Collected data:
lemma exists_closer_point_if_cubes_near_inside:
  fixes C X :: "(real ^ 'n::finite) set"
  assumes eps: "0 < eps" and "a \<in> C" "x \<in> X" "x \<notin> C" "sqrt (real CARD('n)) < real D"
    and near: "\<And>j. \<forall>i. \<bar>j $ i - cube_index eps a $ i\<bar> \<le> int D
                 \<Longrightarrow> cube eps j \<in> meeting_cubes eps C \<and> cube eps j \<inter> X \<subseteq> C"
  shows "\<exists>w\<in>C. dist w x < dist a x"
proof -
  let ?s = "side eps TYPE('n)"
  have s: "0 < ?s" using eps by (rule side_pos)
  define t where "t = real D * ?s"
  define r where "r = dist a x"
  have "t < r"
  proof (rule ccontr)
    assume "\<not> t < r"
    then have "dist x a \<le> real D * ?s" by (simp add: t_def r_def dist_commute)
    then have "\<forall>i. \<bar>cube_index eps x $ i - cube_index eps a $ i\<bar> \<le> int D"
      using cube_index_diff_le[OF eps] by blast
    then have "cube eps (cube_index eps x) \<inter> X \<subseteq> C" using near by blast
    then show False using mem_cube_cube_index[OF eps] assms(3,4) by blast
  qed
  have "0 < real D" using assms(5) real_sqrt_ge_zero[of "real CARD('n)"] by linarith
  then have "0 < t" using s by (simp add: t_def)
  then have "a \<noteq> x" using \<open>t < r\<close> by (auto simp: r_def)
  define z where "z = a + (t / r) *\<^sub>R (x - a)"
  have "dist z a = t"
    using \<open>t < r\<close> \<open>0 < t\<close> \<open>a \<noteq> x\<close> by (simp add: z_def r_def dist_norm norm_minus_commute)
  have "x - z = (1 - t / r) *\<^sub>R (x - a)" by (simp add: z_def algebra_simps)
  moreover have "t / r < 1" using \<open>t < r\<close> \<open>0 < t\<close> by simp
  ultimately have "dist z x = (1 - t / r) * r"
    using \<open>t < r\<close> \<open>0 < t\<close> by (simp add: r_def dist_norm norm_minus_commute)
  also have "\<dots> = r - t" using \<open>t < r\<close> \<open>0 < t\<close> by (simp add: field_simps)
  finally have "dist z x = r - t" .
  have "\<forall>i. \<bar>cube_index eps z $ i - cube_index eps a $ i\<bar> \<le> int D"
    using cube_index_diff_le[OF eps, of z a D] \<open>dist z a = t\<close> by (simp add: t_def)
  then have "cube eps (cube_index eps z) \<in> meeting_cubes eps C" using near by blast
  then obtain w where "w \<in> C" and w: "w \<in> cube eps (cube_index eps z)"
    by (auto simp: meeting_cubes_def)
  have "dist w z \<le> sqrt (real CARD('n)) * ?s"
    using dist_le_in_cube[OF eps w mem_cube_cube_index[OF eps]] .
  also have "\<dots> < t"
    using s assms(5) by (simp add: t_def)
  finally have "dist w x < r"
    using dist_triangle[of w x z] \<open>dist z x = r - t\<close> by linarith
  then show ?thesis using \<open>w \<in> C\<close> r_def by blast
qed

lemma closest_point_mem_thicken_boundary:
  fixes C X :: "(real ^ 'n::finite) set"
  assumes eps: "0 < eps" and "a \<in> C" "x \<in> X" "x \<notin> C"
    and "sqrt (real CARD('n)) \<le> real (Suc N)"
    and closest: "\<forall>c\<in>C. dist a x \<le> dist c x"
  shows "a \<in> thicken eps N (cube_boundary X eps C)"
proof (rule ccontr)
  assume not_thick: "a \<notin> thicken eps N (cube_boundary X eps C)"
  define j0 where "j0 = cube_index eps a"
  have a0: "a \<in> cube eps j0" using mem_cube_cube_index[OF eps] by (simp add: j0_def)
  have interior: "interior_cube X eps C (cube eps j)"
    if "\<forall>i. \<bar>j $ i - j0 $ i\<bar> \<le> int (Suc N)" "cube eps j \<in> meeting_cubes eps C" for j
    using not_boundary_cube_near[OF eps a0 not_thick that(1)] that(2) by (simp add: boundary_cube_def)
  have "cube eps j \<in> meeting_cubes eps C \<and> cube eps j \<inter> X \<subseteq> C"
    if near: "\<forall>i. \<bar>j $ i - j0 $ i\<bar> \<le> int (Suc (Suc N))" for j
    using cubes_near_meet_if_interior[OF eps \<open>a \<in> C\<close> a0 interior near order_refl]
      cubes_near_inside_if_interior[OF eps \<open>a \<in> C\<close> a0 interior near] by blast
  moreover have "sqrt (real CARD('n)) < real (Suc (Suc N))" using assms(5) by simp
  ultimately obtain w where "w \<in> C" "dist w x < dist a x"
    using exists_closer_point_if_cubes_near_inside[OF eps \<open>a \<in> C\<close> assms(3,4)] j0_def by blast
  then show False using closest by (meson not_le)
qed

lemma sqrt_card_le_Suc_frak_n: "sqrt (real CARD('n)) \<le> real (Suc (frak_n TYPE('n::finite)))"
proof -
  have "1 \<le> sqrt (real CARD('n))" by simp
  then have "0 \<le> \<lceil>sqrt (real CARD('n)) - 1\<rceil>" by linarith
  then show ?thesis by (simp add: frak_n_def)
qed

theorem corollary5p5:
  fixes X Y C :: "(real ^ 'n::finite) set" and k :: nat and eps :: real and p x :: "real ^ 'n"
  assumes "CARD('n) \<ge> 2"
    and "finite X" and "Y \<subseteq> X" and "k \<ge> 1" and "eps > 0"
    and "C \<in> dbscan_components k Y eps" and "p \<in> C" and "x \<in> Y - C"
  shows "thicken eps (frak_n TYPE('n)) (cube_boundary X eps C) \<inter> C \<subseteq> J_set k X Y eps
       \<and> (\<exists>a \<in> thicken eps (frak_n TYPE('n)) (cube_boundary X eps C) \<inter> C.
             mreach k Y a x \<le> mreach k Y p x)"
proof
  let ?T = "thicken eps (frak_n TYPE('n)) (cube_boundary X eps C)"
  show "?T \<inter> C \<subseteq> J_set k X Y eps" using assms(6) by (auto simp: J_set_def)
  have "finite Y" using assms(2,3) finite_subset by blast
  have C_core: "C \<subseteq> core_points k Y eps"
    using assms(6) by (rule dbscan_component_subset_core_points)
  then have "C \<subseteq> Y" by (auto simp: core_points_def)
  then have "finite C" using \<open>finite Y\<close> by (rule finite_subset)
  define a where "a = arg_min_on (\<lambda>c. dist c x) C"
  have "a \<in> C" and closest: "\<forall>c\<in>C. dist a x \<le> dist c x"
    using arg_min_if_finite[OF \<open>finite C\<close>, of "\<lambda>c. dist c x"] assms(7) a_def
    by (auto simp: not_less)
  have "a \<in> ?T"
    using closest_point_mem_thicken_boundary[OF assms(5) \<open>a \<in> C\<close> _ _
        sqrt_card_le_Suc_frak_n closest] assms(3,8) by blast
  moreover have "mreach k Y a x \<le> mreach k Y p x"
  proof (rule mreach_le_if_core_point_closer[OF \<open>finite Y\<close> assms(4)])
    show "a \<in> core_points k Y eps" using C_core \<open>a \<in> C\<close> by blast
    show "a \<noteq> x" using \<open>a \<in> C\<close> assms(8) by blast
    show "dist a x \<le> dist p x" using closest assms(7) by blast
    show "eps < mreach k Y p x"
      using eps_less_mreach_if_not_in_component[OF \<open>finite Y\<close> assms(4) _ assms(6-8)] assms(5)
      by simp
  qed
  ultimately show "\<exists>a \<in> ?T \<inter> C. mreach k Y a x \<le> mreach k Y p x" using \<open>a \<in> C\<close> by blast
qed

end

=== Required work ===
Stop after the line containing "by (rule side_pos)": print exactly the lines from the start of the entries above up to it, that line included.

=== Task answer ===
lemma exists_closer_point_if_cubes_near_inside:
  fixes C X :: "(real ^ 'n::finite) set"
  assumes eps: "0 < eps" and "a \<in> C" "x \<in> X" "x \<notin> C" "sqrt (real CARD('n)) < real D"
    and near: "\<And>j. \<forall>i. \<bar>j $ i - cube_index eps a $ i\<bar> \<le> int D
                 \<Longrightarrow> cube eps j \<in> meeting_cubes eps C \<and> cube eps j \<inter> X \<subseteq> C"
  shows "\<exists>w\<in>C. dist w x < dist a x"
proof -
  let ?s = "side eps TYPE('n)"
  have s: "0 < ?s" using eps by (rule side_pos)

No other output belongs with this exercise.